The optical properties of the ocean are traditionally considered to be determined by the effect of dissolved organic materials and numerically abundant phytoplankton, detritus and other sediment and colloidal particles2,20,21. However, recent evidence suggests that larger but less abundant particles such as mm-sized particles (including zooplankton) may also be present in high concentrations near the surface22, so much so that they can influence ocean colour signals23,24,25,26,27. However, a discrepancy between remote sensing signals and in situ inherent optical property (IOP) measurements remains23. It appeared that remote sensing signals could have be influenced by large particle absorption while IOP measurements may not have been sensitive to this class of particles. In the field, one can visually observe large particles suspended in seawater with the naked eye, especially in coastal environments, and it is possible to detect their presence with simple cameras (Fig. 2). There are also several recorded and anecdotal observations of relatively large zooplankton, such as Calanus spp. and krill species, causing seawater to visually turn “a conspicuous reddish hue”28 or “yellowish tint”29. This raises the intriguing possibility that the ocean optics community has overlooked large particles as an important set of contributors to ocean colour signals.

Figure 2
figure 2

(a) A still image from a GoPro video captures a wave breaking over an instrument cage deployed off the Norwegian coast in April 2019. The image shows very high abundances of large particles, in this case primarily fish eggs and copepods, absorbing and scattering light. (b) Zooming in to an enhanced underwater region of the photo highlights the high abundance of large particles. (c) Fish eggs like these are visually coloured a light brown, preferentially absorbing blue light and are typically ~ 1.2 mm in diameter. (d) Analysis of images from an in situ Silhouette Camera31 and LISST-100x32 mounted on the frame allows enumeration of high abundances of large particles, showing the average size distribution in the upper 10 m below the sea surface. (e) An enhanced RGB image from the MODIS satellite from 5th April 2019 reveals strongly coloured waters in this region during the same period (data: NASA GSFC, processed by McKee using SeaDAS v7, cruise support from NEODAAS (PML) gratefully acknowledged).
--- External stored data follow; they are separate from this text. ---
text \<open>For \<open>(a, b) \<in> D\<close>, the rationalization identity
  \<open>1 - G(a,b)(r\<inverse>(t)) = p(a,b) F(a,b)(t)\<close> turns the \<open>q\<close>-FSD condition defining \<open>R\<^sup>r\<^sup>t\<close> into
  \<open>G(a,b) \<le> G(b,a)\<close> on the positive half-line (where \<open>r\<close> vanishes, both cdfs are already \<open>1\<close>).
  By the layer-cake formula and the symmetry \<open>g(a,b)(v) = g(b,a)(-v)\<close>, the mean utility difference
  \<open>u(a) - u(b)\<close> equals \<open>\<integral>\<^sub>0\<^sup>\<infinity> (G(b,a)(s) - G(a,b)(s)) ds\<close>. Hence every \<open>R\<^sup>r\<^sup>t\<close> step weakly
  decreases utility, and it keeps utility constant only if the continuous integrand vanishes, that is,
  only if the reverse step is in \<open>R\<^sup>r\<^sup>t\<close> as well. Both facts propagate along chains of \<open>T(R\<^sup>r\<^sup>t)\<close>.\<close>

section \<open>Choice functions\<close>

lemma choice_fn_pos_downward_closed:
  assumes r: "choice_fn r" and a: "0 < a" "a \<le> b" and b: "0 < r b"
  shows "0 < r a"
proof (rule ccontr)
  assume "\<not> 0 < r a"
  then have ra: "r a = 0"
    using r a unfolding choice_fn_def by force
  then have "a < b"
    using a b by (cases "a = b") auto
  moreover have "continuous_on {a..b} r"
    using r a unfolding choice_fn_def by (auto elim: continuous_on_subset)
  ultimately obtain c where c: "a \<le> c" "c \<le> b" "r c = r b / 2"
    using IVT'[of r a "r b / 2" b] ra b by auto
  then have "c < b" "0 < c" "0 < r c"
    using a b by (auto simp: order.order_iff_strict)
  then have "r b < r c"
    using r unfolding choice_fn_def by blast
  then show False
    using c b by simp
qed

lemma choice_fn_inj_on: "choice_fn r \<Longrightarrow> inj_on r {v. 0 < v \<and> 0 < r v}"
  unfolding choice_fn_def inj_on_def by (metis linorder_neqE_linordered_idom mem_Collect_eq order.irrefl)

lemma rinv_eq:
  assumes "choice_fn r" "0 < s" "0 < r s"
  shows "rinv r (r s) = s"
  unfolding rinv_def
  by (rule the_equality) (use assms choice_fn_inj_on[OF assms(1)] in \<open>auto simp: inj_on_def\<close>)

lemma choice_fn_surj:
  assumes r: "choice_fn r" and t: "0 < t"
  shows "\<exists>s>0. r s = t"
proof -
  have "eventually (\<lambda>s. t < r s) (at_right 0)"
    using r unfolding choice_fn_def filterlim_at_top_dense by blast
  then obtain b where b: "0 < b" "\<And>s. 0 < s \<Longrightarrow> s < b \<Longrightarrow> t < r s"
    unfolding eventually_at_right_field by auto
  have "eventually (\<lambda>s. r s < t) at_top"
    using r t unfolding choice_fn_def by (auto simp: order_tendsto_iff)
  then obtain N where N: "\<And>s. N \<le> s \<Longrightarrow> r s < t"
    unfolding eventually_at_top_linorder by auto
  define a c where "a = b / 2" and "c = max N (a + 1)"
  have "0 < a" "t < r a"
    using b by (auto simp: a_def)
  moreover have "a < c" "r c < t"
    using N by (auto simp: c_def)
  moreover have "continuous_on {a..c} r"
    using r \<open>0 < a\<close> unfolding choice_fn_def by (auto elim: continuous_on_subset)
  ultimately obtain s where "a \<le> s" "r s = t"
    using IVT2'[of r c t a] by auto
  then show ?thesis
    using \<open>0 < a\<close> by (intro exI[of _ s]) auto
qed

lemma r_rinv:
  assumes "choice_fn r" "0 < t"
  shows "r (rinv r t) = t" and "0 < rinv r t"
  using choice_fn_surj[OF assms] rinv_eq[OF assms(1)] assms(2) by auto

section \<open>Densities on the real line\<close>

lemma density_R_set_integrable:
  assumes "density_R h" "A \<in> sets borel"
  shows "set_integrable lborel A h"
proof -
  have "integrable lborel h"
    using assms(1) unfolding density_R_def by (intro integrableI_nonneg) auto
  then show ?thesis
    unfolding set_integrable_def using assms(2) by (intro integrable_mult_indicator) auto
qed

lemma density_R_reflect:
  assumes "density_R h"
  shows "density_R (\<lambda>v. h (- v))"
  using assms nn_integral_real_affine[of "\<lambda>v. ennreal (h v)" "-1" 0]
  unfolding density_R_def by auto

lemma one_minus_cdf_R:
  assumes h: "density_R h"
  shows "1 - cdf_R h s = (LINT v:{s<..}|lborel. h v)"
proof -
  have "(LINT v:({..s} \<union> {s<..})|lborel. h v) = cdf_R h s + (LINT v:{s<..}|lborel. h v)"
    unfolding cdf_R_def by (rule set_integral_Un) (auto intro: density_R_set_integrable[OF h])
  moreover have "{..s} \<union> {s<..} = UNIV"
    by auto
  then have "(LINT v:({..s} \<union> {s<..})|lborel. h v) = 1"
    using h unfolding density_R_def set_lebesgue_integral_def
    by (simp add: integral_eq_nn_integral)
  ultimately show ?thesis
    by simp
qed

lemma cdf_R_mono:
  assumes h: "density_R h" and "s \<le> s'"
  shows "cdf_R h s \<le> cdf_R h s'"
proof -
  have "0 \<le> h v" for v
    using h by (simp add: density_R_def)
  then show ?thesis
    unfolding cdf_R_def set_lebesgue_integral_def
    using density_R_set_integrable[OF h, of "{..s}"] density_R_set_integrable[OF h, of "{..s'}"]
      \<open>s \<le> s'\<close>
    by (intro integral_mono) (auto simp: set_integrable_def split: split_indicator)
qed

lemma cdf_R_le_1:
  assumes h: "density_R h"
  shows "cdf_R h s \<le> 1"
proof -
  have "0 \<le> (LINT v:{s<..}|lborel. h v)"
    using h unfolding density_R_def set_lebesgue_integral_def by (simp add: integral_nonneg_AE)
  then show ?thesis
    using one_minus_cdf_R[OF h, of s] by linarith
qed

lemma isCont_cdf_R:
  assumes h: "density_R h"
  shows "isCont (cdf_R h) x"
proof -
  define a where "a = x - 1"
  have split: "cdf_R h s = (LINT v:{..<a}|lborel. h v) + (LBINT v:{a..s}. h v)" if "a < s" for s
  proof -
    have "{..s} = {..<a} \<union> {a..s}"
      using that by auto
    then have "cdf_R h s = (LINT v:({..<a} \<union> {a..s})|lborel. h v)"
      unfolding cdf_R_def by simp
    also have "\<dots> = (LINT v:{..<a}|lborel. h v) + (LBINT v:{a..s}. h v)"
      by (rule set_integral_Un) (auto intro: density_R_set_integrable[OF h])
    finally show ?thesis .
  qed
  have "continuous_on {a<..} (\<lambda>s. (LINT v:{..<a}|lborel. h v) + (LBINT v:{a..s}. h v))"
    by (intro continuous_intros continuous_on_subset[OF continuous_on_LBINT])
      (auto intro: density_R_set_integrable[OF h])
  then have "continuous_on {a<..} (cdf_R h)"
    using split by (subst continuous_on_cong[OF refl]) auto
  then show ?thesis
    using continuous_on_eq_continuous_at[of "{a<..}" "cdf_R h"] by (auto simp: a_def)
qed

lemma cdf_Rplus_0: "cdf_Rplus h 0 = 0"
  unfolding cdf_Rplus_def set_lebesgue_integral_def
  by (rule integral_eq_zero_AE, rule eventually_mono[OF AE_lborel_singleton[of 0]]) simp

lemma cdf_Rplus_tendsto_0:
  assumes "pos_density_Rplus h"
  shows "(cdf_Rplus h \<longlongrightarrow> 0) (at_right 0)"
proof -
  have [measurable]: "h \<in> borel_measurable borel" and pos: "\<And>t. 0 \<le> t \<Longrightarrow> 0 < h t"
    and mass: "(\<integral>\<^sup>+t. ennreal (h t) * indicator {0..} t \<partial>lborel) = 1"
    using assms unfolding pos_density_Rplus_def by auto
  have "(\<integral>\<^sup>+t. ennreal (indicator {0..} t * h t) \<partial>lborel) = 1"
    using mass by (subst nn_integral_cong[where v = "\<lambda>t. ennreal (h t) * indicator {0..} t"])
      (auto split: split_indicator)
  then have "set_integrable lborel {0..} h"
    unfolding set_integrable_def using pos
    by (intro integrableI_nonneg) (auto split: split_indicator intro: less_imp_le)
  then have "continuous_on UNIV (cdf_Rplus h)"
    unfolding cdf_Rplus_def[abs_def]
    by (auto intro!: continuous_on_LBINT elim: set_integrable_subset)
  then have "(cdf_Rplus h \<longlongrightarrow> cdf_Rplus h 0) (at_right 0)"
    by (simp add: continuous_on_eq_continuous_at isCont_def filterlim_at_split)
  then show ?thesis
    by (simp add: cdf_Rplus_0)
qed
Here we address two fundamentally important questions: (1) Is there a sound theoretical basis to support the suggestion that large (mm-class), but relatively sparse, coloured particles can significantly influence bulk IOPs of seawater? (2) If large particles are theoretically capable of influencing IOPs, why might in situ sensors fail to resolve their impact? The first issue can be investigated using Mie modelling2 following the approach of Davies et al.30. There it was demonstrated that scattering and backscattering signals can be influenced by a broad range of particle sizes (0.02–2000 µm). However, the effect of varying the imaginary refractive index, ni, on absorption was only very briefly examined and was shown to reduce the largest significant size for backscattering to ~ 150 µm for ni = 0.001i. This effect requires further elucidation, and the general sensitivity of the absorption coefficient to particle size has not been systematically explored in this manner. The second question is more difficult to fully resolve, but we show that small sample volumes of IOP sensors are potentially a limiting factor in capturing the effect of large colored particles on bulk IOPs.

Results

Do large particles influence bulk optical properties?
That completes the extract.